» **Exercise aim**: Retype, exactly as they appear below, the lines between the line holding "E) q + conn 2" and the line holding "note Ls = landsberg_eq[OF", both ends included.

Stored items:

____________________

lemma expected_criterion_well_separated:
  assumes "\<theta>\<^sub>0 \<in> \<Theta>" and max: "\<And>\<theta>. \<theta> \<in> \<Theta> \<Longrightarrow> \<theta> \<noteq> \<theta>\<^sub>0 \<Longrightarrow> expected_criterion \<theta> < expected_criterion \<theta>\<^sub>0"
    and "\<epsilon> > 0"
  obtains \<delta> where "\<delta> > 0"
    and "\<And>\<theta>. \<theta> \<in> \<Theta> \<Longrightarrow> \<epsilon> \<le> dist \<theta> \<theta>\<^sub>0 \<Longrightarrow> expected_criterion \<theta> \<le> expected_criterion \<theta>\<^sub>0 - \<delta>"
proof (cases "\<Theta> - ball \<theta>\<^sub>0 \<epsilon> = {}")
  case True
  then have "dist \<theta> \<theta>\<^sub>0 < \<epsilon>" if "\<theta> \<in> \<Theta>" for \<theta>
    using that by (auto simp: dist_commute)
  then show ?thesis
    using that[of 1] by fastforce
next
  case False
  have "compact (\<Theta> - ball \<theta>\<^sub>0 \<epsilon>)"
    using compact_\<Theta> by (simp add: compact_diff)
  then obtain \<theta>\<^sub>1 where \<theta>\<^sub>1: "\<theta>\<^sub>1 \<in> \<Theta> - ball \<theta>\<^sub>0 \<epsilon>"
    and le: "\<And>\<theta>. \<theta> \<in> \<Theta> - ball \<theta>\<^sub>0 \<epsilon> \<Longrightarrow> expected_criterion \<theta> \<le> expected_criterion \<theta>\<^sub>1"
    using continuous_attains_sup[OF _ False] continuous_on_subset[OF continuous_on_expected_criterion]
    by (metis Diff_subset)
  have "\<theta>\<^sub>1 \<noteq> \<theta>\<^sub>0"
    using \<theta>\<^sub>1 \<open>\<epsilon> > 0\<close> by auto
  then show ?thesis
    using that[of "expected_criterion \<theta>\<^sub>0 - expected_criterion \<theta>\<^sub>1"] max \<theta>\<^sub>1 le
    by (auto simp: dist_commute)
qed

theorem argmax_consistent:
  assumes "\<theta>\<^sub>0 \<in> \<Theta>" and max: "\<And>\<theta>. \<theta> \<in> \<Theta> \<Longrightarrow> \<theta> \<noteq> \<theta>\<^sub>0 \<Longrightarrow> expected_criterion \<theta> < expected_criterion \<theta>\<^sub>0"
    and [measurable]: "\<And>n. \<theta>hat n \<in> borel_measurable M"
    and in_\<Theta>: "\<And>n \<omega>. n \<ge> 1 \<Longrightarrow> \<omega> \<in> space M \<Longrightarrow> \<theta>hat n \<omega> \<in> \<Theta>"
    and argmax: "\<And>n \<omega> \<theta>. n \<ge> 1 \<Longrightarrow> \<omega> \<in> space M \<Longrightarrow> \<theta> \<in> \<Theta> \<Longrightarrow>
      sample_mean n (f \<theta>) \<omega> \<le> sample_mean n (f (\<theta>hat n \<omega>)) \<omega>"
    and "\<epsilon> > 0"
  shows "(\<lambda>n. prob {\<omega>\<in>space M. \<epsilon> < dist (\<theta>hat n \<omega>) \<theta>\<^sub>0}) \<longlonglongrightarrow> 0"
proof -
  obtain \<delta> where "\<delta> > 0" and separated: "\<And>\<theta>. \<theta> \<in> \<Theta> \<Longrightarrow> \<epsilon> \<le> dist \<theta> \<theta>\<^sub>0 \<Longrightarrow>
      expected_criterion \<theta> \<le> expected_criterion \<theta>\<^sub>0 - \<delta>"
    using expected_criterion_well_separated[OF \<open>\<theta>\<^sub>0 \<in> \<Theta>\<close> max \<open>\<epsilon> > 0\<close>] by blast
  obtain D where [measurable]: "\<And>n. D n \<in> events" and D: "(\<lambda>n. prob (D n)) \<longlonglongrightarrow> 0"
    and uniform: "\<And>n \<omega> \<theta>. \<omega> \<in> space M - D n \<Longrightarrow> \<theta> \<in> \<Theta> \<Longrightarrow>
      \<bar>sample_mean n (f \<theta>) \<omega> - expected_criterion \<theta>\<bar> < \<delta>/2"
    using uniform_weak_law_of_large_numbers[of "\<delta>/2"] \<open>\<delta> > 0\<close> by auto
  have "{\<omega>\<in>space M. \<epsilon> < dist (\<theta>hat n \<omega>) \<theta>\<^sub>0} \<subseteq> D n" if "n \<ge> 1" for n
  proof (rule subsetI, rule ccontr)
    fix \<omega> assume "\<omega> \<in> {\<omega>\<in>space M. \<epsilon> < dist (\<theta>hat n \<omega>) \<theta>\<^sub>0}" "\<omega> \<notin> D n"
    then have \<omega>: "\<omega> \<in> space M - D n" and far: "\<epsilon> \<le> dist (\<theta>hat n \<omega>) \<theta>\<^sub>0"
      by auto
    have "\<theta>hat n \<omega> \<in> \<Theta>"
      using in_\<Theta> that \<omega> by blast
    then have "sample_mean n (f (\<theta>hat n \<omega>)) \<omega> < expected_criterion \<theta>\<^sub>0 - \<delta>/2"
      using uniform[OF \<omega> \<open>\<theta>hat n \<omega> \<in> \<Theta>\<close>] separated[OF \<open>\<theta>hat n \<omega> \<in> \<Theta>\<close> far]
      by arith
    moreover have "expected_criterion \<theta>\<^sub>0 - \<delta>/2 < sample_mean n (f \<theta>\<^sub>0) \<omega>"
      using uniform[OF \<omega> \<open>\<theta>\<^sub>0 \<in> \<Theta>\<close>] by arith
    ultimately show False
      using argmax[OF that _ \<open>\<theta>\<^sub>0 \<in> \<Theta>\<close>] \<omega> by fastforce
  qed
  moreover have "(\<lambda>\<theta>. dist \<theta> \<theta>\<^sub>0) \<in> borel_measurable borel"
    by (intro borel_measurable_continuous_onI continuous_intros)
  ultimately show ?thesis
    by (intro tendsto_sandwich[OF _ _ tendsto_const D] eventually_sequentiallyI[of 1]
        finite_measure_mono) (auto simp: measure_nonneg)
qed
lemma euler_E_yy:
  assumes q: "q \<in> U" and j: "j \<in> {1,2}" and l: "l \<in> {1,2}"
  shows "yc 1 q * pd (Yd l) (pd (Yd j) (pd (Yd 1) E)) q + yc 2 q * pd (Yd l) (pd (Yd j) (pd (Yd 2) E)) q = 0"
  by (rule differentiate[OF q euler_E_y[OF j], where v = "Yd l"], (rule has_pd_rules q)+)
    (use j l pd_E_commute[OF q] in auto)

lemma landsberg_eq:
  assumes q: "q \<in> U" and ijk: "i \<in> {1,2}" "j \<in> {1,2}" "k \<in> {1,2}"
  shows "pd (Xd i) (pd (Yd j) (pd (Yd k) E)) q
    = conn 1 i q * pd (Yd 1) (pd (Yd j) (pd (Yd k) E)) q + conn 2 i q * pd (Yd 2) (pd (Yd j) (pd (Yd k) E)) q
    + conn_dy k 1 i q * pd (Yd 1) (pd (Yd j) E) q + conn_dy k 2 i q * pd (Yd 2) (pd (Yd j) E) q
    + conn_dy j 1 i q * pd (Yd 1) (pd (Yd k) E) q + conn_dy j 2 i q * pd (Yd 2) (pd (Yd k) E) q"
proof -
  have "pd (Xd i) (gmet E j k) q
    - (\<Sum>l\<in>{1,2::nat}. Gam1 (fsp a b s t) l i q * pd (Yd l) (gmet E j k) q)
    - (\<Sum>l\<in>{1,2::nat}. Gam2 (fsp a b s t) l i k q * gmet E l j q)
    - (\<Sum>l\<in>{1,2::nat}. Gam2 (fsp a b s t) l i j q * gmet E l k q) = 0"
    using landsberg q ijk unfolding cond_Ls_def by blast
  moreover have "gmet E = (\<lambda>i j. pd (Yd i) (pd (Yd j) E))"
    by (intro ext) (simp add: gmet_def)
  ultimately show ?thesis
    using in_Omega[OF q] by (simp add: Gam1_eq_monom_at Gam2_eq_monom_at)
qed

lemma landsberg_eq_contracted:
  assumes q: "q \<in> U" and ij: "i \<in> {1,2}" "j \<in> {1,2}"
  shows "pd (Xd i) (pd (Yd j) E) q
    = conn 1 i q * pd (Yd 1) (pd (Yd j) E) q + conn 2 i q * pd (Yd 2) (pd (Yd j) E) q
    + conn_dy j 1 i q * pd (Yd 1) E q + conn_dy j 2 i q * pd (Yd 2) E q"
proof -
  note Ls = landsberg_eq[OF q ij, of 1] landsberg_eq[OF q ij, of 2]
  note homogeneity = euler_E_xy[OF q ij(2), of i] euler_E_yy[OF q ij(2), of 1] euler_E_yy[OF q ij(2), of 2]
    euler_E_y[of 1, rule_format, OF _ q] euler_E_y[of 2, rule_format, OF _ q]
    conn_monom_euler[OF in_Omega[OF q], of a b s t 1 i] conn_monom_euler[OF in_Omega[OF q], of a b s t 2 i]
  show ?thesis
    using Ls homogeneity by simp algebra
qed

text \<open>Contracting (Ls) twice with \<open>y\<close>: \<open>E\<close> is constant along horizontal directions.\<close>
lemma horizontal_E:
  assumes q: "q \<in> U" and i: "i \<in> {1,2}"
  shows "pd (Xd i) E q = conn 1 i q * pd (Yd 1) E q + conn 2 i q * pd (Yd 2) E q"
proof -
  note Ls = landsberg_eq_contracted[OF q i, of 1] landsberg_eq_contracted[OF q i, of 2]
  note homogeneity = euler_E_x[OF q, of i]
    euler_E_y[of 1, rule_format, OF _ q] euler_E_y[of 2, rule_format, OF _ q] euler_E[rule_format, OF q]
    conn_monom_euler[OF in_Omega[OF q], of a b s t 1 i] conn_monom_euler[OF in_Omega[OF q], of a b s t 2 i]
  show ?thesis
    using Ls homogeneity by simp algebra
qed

____________________

» **Response for this exercise**:
    = conn 1 i q * pd (Yd 1) (pd (Yd j) E) q + conn 2 i q * pd (Yd 2) (pd (Yd j) E) q
    + conn_dy j 1 i q * pd (Yd 1) E q + conn_dy j 2 i q * pd (Yd 2) E q"
proof -
  note Ls = landsberg_eq[OF q ij, of 1] landsberg_eq[OF q ij, of 2]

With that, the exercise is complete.